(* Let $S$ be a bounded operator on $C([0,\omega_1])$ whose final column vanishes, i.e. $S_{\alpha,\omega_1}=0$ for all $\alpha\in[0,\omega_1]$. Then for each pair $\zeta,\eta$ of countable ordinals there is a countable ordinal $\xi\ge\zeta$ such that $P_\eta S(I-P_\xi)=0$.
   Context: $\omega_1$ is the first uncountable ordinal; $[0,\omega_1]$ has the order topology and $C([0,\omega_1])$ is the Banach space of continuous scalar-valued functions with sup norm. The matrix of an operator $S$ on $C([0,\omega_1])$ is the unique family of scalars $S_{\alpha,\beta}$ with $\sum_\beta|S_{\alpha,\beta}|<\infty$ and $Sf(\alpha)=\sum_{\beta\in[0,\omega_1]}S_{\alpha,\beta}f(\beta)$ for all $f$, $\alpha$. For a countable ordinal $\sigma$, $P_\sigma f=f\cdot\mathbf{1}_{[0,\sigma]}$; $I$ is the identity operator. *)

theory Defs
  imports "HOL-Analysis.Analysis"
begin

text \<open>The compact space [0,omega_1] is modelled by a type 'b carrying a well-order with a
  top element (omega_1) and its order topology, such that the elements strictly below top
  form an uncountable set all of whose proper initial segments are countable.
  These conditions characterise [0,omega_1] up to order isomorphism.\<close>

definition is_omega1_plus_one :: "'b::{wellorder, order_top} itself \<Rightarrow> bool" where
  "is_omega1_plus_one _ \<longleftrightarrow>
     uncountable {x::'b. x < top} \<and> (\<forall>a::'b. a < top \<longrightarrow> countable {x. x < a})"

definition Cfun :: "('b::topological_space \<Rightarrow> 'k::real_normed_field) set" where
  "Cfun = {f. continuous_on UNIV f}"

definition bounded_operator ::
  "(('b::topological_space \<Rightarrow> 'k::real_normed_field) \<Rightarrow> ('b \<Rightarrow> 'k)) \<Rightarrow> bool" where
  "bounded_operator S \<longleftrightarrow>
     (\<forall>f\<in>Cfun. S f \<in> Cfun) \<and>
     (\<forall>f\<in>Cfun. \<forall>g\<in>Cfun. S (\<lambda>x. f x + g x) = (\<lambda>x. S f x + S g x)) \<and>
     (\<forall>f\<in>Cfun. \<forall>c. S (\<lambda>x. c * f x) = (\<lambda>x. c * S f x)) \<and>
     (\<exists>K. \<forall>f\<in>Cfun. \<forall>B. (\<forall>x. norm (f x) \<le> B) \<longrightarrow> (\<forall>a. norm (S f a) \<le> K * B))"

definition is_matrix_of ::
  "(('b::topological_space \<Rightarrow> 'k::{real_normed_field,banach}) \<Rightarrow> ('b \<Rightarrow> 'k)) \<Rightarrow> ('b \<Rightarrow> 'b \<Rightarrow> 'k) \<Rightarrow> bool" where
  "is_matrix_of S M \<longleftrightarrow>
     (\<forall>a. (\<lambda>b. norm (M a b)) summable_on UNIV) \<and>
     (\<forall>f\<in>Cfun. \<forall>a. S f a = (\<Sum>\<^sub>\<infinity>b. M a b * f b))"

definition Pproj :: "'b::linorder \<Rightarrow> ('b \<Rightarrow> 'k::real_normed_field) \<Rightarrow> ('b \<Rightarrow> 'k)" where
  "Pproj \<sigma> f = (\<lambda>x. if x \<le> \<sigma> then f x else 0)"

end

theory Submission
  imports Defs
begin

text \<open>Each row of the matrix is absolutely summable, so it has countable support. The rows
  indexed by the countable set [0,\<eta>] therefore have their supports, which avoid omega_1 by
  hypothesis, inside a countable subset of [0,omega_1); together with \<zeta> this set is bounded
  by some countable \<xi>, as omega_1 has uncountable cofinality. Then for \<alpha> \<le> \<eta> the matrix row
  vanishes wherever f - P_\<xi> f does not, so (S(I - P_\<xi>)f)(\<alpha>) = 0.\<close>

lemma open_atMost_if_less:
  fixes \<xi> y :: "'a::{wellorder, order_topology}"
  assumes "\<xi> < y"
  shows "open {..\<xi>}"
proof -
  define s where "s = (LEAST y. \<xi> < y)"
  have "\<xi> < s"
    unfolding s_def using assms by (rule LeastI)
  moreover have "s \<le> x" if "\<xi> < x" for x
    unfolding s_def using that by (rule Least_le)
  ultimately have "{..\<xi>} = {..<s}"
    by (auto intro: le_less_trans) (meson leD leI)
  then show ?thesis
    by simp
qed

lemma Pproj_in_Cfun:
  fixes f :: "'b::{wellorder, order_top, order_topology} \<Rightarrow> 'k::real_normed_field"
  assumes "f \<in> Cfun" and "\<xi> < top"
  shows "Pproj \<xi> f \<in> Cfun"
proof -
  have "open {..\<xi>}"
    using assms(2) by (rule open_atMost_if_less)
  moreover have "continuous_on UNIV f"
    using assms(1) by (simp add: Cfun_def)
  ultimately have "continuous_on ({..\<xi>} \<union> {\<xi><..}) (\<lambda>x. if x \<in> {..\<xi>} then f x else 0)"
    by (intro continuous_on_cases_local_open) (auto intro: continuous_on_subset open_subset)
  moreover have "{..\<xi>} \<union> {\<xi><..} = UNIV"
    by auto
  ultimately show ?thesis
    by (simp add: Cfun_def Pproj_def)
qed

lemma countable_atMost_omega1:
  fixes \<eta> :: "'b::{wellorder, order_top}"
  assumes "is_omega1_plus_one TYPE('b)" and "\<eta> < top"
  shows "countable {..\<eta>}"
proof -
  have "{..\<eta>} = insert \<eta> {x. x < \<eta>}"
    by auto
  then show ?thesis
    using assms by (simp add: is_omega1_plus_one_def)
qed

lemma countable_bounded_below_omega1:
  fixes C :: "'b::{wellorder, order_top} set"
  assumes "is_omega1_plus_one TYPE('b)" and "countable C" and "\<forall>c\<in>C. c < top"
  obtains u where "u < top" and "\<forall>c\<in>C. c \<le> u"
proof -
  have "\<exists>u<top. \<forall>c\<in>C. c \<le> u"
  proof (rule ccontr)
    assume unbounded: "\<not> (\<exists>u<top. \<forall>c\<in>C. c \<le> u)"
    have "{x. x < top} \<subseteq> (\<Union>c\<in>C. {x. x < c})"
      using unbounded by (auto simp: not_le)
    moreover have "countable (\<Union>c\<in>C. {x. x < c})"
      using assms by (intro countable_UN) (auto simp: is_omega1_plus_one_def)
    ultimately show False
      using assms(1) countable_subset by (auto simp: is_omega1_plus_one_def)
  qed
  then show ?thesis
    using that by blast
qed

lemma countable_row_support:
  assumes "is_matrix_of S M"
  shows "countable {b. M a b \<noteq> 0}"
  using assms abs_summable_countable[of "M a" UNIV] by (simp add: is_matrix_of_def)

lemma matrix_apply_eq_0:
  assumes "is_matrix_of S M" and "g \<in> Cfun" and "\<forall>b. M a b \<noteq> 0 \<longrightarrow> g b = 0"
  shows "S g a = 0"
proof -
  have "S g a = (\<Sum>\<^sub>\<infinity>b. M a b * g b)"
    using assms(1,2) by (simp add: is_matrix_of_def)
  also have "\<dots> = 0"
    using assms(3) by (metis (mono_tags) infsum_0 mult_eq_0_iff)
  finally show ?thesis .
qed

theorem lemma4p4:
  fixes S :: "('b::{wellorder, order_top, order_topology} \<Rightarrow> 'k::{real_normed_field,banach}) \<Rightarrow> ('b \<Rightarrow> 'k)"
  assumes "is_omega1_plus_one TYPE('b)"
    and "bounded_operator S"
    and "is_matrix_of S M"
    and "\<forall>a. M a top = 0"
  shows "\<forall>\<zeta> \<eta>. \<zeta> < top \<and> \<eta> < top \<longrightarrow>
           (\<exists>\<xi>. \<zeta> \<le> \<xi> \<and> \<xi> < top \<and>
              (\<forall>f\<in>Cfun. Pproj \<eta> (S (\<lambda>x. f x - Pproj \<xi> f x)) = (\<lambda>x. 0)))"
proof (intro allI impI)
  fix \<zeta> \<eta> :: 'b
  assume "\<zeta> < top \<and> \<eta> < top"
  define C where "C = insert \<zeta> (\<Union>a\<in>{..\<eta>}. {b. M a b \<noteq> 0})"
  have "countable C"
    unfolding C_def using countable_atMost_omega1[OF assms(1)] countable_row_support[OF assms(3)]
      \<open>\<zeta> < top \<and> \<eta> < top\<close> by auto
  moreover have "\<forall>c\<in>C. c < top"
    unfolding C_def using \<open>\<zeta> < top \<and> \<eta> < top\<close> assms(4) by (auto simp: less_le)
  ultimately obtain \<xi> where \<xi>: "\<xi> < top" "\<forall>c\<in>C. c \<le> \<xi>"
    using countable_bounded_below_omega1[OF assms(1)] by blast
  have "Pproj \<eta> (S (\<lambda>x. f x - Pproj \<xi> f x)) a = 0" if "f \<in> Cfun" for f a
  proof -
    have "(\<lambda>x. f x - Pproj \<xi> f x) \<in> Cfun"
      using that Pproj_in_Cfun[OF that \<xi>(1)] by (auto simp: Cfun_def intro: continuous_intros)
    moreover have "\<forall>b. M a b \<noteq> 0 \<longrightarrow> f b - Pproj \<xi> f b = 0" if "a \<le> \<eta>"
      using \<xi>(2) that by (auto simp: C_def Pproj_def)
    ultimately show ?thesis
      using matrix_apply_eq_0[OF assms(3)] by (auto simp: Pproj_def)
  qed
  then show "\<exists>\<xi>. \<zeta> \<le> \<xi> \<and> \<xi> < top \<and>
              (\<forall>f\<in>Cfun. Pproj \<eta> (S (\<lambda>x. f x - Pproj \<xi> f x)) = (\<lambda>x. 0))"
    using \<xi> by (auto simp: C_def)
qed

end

→ **Your assignment**
Transcribe the records from their first line. Stop after the line with "(\<forall>a::'b. a <", including it.

→ **Solution to the problem**
(* Let $S$ be a bounded operator on $C([0,\omega_1])$ whose final column vanishes, i.e. $S_{\alpha,\omega_1}=0$ for all $\alpha\in[0,\omega_1]$. Then for each pair $\zeta,\eta$ of countable ordinals there is a countable ordinal $\xi\ge\zeta$ such that $P_\eta S(I-P_\xi)=0$.
   Context: $\omega_1$ is the first uncountable ordinal; $[0,\omega_1]$ has the order topology and $C([0,\omega_1])$ is the Banach space of continuous scalar-valued functions with sup norm. The matrix of an operator $S$ on $C([0,\omega_1])$ is the unique family of scalars $S_{\alpha,\beta}$ with $\sum_\beta|S_{\alpha,\beta}|<\infty$ and $Sf(\alpha)=\sum_{\beta\in[0,\omega_1]}S_{\alpha,\beta}f(\beta)$ for all $f$, $\alpha$. For a countable ordinal $\sigma$, $P_\sigma f=f\cdot\mathbf{1}_{[0,\sigma]}$; $I$ is the identity operator. *)

theory Defs
  imports "HOL-Analysis.Analysis"
begin

text \<open>The compact space [0,omega_1] is modelled by a type 'b carrying a well-order with a
  top element (omega_1) and its order topology, such that the elements strictly below top
  form an uncountable set all of whose proper initial segments are countable.
  These conditions characterise [0,omega_1] up to order isomorphism.\<close>

definition is_omega1_plus_one :: "'b::{wellorder, order_top} itself \<Rightarrow> bool" where
  "is_omega1_plus_one _ \<longleftrightarrow>
     uncountable {x::'b. x < top} \<and> (\<forall>a::'b. a < top \<longrightarrow> countable {x. x < a})"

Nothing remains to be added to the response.